Take every line from the data that has the word "injD" in it.

━━━━

lemma ext_hom_affine_map:
  fixes \<alpha> \<alpha>' :: "'g::ab_group_add \<Rightarrow> 'g \<Rightarrow> 'a::ab_group_add"
  assumes "add_hom \<psi>" "add_hom \<phi>"
    and "\<And>g1 g2. coboundary \<mu> g1 g2 = pushforward \<psi> \<alpha> g1 g2 - pullback \<phi> \<alpha>' g1 g2"
  shows "ext_hom \<alpha> \<alpha>' (\<lambda>(a, g). (\<psi> a + \<mu> g, \<phi> g))"
  unfolding ext_hom_def
proof (intro allI)
  fix x y :: "'a \<times> 'g"
  obtain a1 g1 a2 g2 where xy: "x = (a1, g1)" "y = (a2, g2)" by fastforce
  have "\<psi> (a1 + a2 + \<alpha> g1 g2) = \<psi> a1 + \<psi> a2 + \<psi> (\<alpha> g1 g2)" "\<phi> (g1 + g2) = \<phi> g1 + \<phi> g2"
    using assms(1,2) unfolding add_hom_def by auto
  with assms(3)[of g1 g2]
  show "(\<lambda>(a, g). (\<psi> a + \<mu> g, \<phi> g)) (emul \<alpha> x y) =
        emul \<alpha>' ((\<lambda>(a, g). (\<psi> a + \<mu> g, \<phi> g)) x) ((\<lambda>(a, g). (\<psi> a + \<mu> g, \<phi> g)) y)"
    unfolding xy emul_def coboundary_def pushforward_def pullback_def by (simp add: algebra_simps)
qed

lemma bij_affine_map:
  fixes \<psi> :: "'a \<Rightarrow> 'b::group_add" and \<phi> :: "'g \<Rightarrow> 'h"
  assumes "bij \<psi>" "bij \<phi>"
  shows "bij (\<lambda>(a, g). (\<psi> a + \<mu> g, \<phi> g))"
proof (rule bijI)
  show "inj (\<lambda>(a, g). (\<psi> a + \<mu> g, \<phi> g))"
  proof (rule injI)
    fix x y
    assume eq: "(\<lambda>(a, g). (\<psi> a + \<mu> g, \<phi> g)) x = (\<lambda>(a, g). (\<psi> a + \<mu> g, \<phi> g)) y"
    then have "snd x = snd y"
      using bij_is_inj[OF assms(2)] by (auto split: prod.splits dest: injD)
    with eq have "fst x = fst y"
      using bij_is_inj[OF assms(1)] by (auto split: prod.splits dest: injD)
    with \<open>snd x = snd y\<close> show "x = y" by (simp add: prod_eq_iff)
  qed
  show "surj (\<lambda>(a, g). (\<psi> a + \<mu> g, \<phi> g))"
  proof (rule surjI)
    fix y :: "'b \<times> 'h"
    define g where "g = inv \<phi> (snd y)"
    have "\<phi> g = snd y" "\<psi> (inv \<psi> (fst y - \<mu> g)) = fst y - \<mu> g"
      unfolding g_def using assms by (simp_all add: bij_is_surj surj_f_inv_f)
    then show "(\<lambda>(a, g). (\<psi> a + \<mu> g, \<phi> g)) (inv \<psi> (fst y - \<mu> g), g) = y"
      by simp
  qed
qed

━━━━

### Exercise result
      using bij_is_inj[OF assms(2)] by (auto split: prod.splits dest: injD)
      using bij_is_inj[OF assms(1)] by (auto split: prod.splits dest: injD)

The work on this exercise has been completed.